## Balmer and Lyman Series [ENDORSED]

Paola_RubioRod_1F
Posts: 18
Joined: Fri Jan 08, 2016 3:00 am

### Balmer and Lyman Series

This was a homework question for chapter 1. What is common to the lines within a series that makes grouping them together logical? (Balmer Series, Lyman Series, Paschen Series)

Jenna_Hakel_2A
Posts: 34
Joined: Fri Jul 15, 2016 3:00 am

### Re: Balmer and Lyman Series  [ENDORSED]

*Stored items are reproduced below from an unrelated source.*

(* Let $X$ be a real Banach space. If $X$ is fully Mazur (respectively, fully Mackey complete), then every closed linear subspace of $X$ is fully Mazur (respectively, fully Mackey complete).
   Context: A linear subspace $Y\subset X^*$ is norming if $|||x|||=\sup\{x^*(x): x^*\in Y,\ \|x^*\|\le 1\}$ defines an equivalent norm on $X$. $X$ is fully Mazur if for every norming and norm-closed subspace $Y\subset X^*$, every $w^*$-sequentially continuous linear functional $Y\to\mathbb{R}$ is $w^*$-continuous. $X$ is fully Mackey complete if $(X,\mu(X,Y))$ is complete for every norming and norm-closed subspace $Y\subset X^*$, where $\mu(X,Y)$ is the locally convex topology on $X$ of uniform convergence on absolutely convex $w^*$-compact subsets of $Y$. *)

theory Defs
  imports "HOL-Analysis.Analysis"
begin

text \<open>Throughout, X is a real Banach space (type 'a::banach) and S \<subseteq> X a closed linear
subspace, regarded as a Banach space in its own right.  Functionals on S are represented
as functions 'a \<Rightarrow> real vanishing outside S.  The type 'a \<Rightarrow> real carries the product
(pointwise) topology, so the subspace topology on a set of such functionals is the
weak-star topology (evaluation at points outside S is constantly 0).\<close>

definition dual_sp :: "'a::real_normed_vector set \<Rightarrow> ('a \<Rightarrow> real) set" where
  "dual_sp S = {f. (\<forall>x\<in>S. \<forall>y\<in>S. f (x + y) = f x + f y) \<and>
                   (\<forall>c. \<forall>x\<in>S. f (c *\<^sub>R x) = c * f x) \<and>
                   (\<exists>K. \<forall>x\<in>S. \<bar>f x\<bar> \<le> K * norm x) \<and>
                   (\<forall>x. x \<notin> S \<longrightarrow> f x = 0)}"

We talked about this in my discussion yesterday and my TA told us that for each series grouped together, the energy levels where the electrons start is always the same. For example, for the Lyman series, the electrons always either start at or return to (depending on if the light is absorbed or emitted) the energy level n=1. For the Balmer series, the electrons always start at or return to n=2. The other series in that question are the same with n=3 and n=4, respectively. So their principal quantum levels are always the same for each series!

Joseph Nguyen 3L
Posts: 24
Joined: Fri Jul 22, 2016 3:00 am

### Re: Balmer and Lyman Series

This would be important in other problems where they give you the energy difference or only the wavelength and ask you to find the n positions of both energy levels. For example, if they only gave you a wavelength of light of 500nm, you would know at least it is visible light, and therefore a Balmer series. You would then know, depending on whether energy is absorbed or emitted, that the base energy level is n=2. Now you can isolate the other n and solve for it to be able to solve for it.

104822659
Posts: 23
Joined: Wed Sep 21, 2016 2:57 pm

### Re: Balmer and Lyman Series

Hi, I'm having trouble understanding what principle quantum level is and is there an equation where the n can be computed from?

Katherine_Zhuo_3B
Posts: 23
Joined: Wed Sep 21, 2016 2:57 pm

### Re: Balmer and Lyman Series

The principal quantum number is an integer that describes the energy level of the electron. As n increases, the number of electronic shells increases and the electron is further from the nucleus and therefore has a higher energy. To compute n, we can utilize Rydberg's equation given the energy: En=-hR/n^2.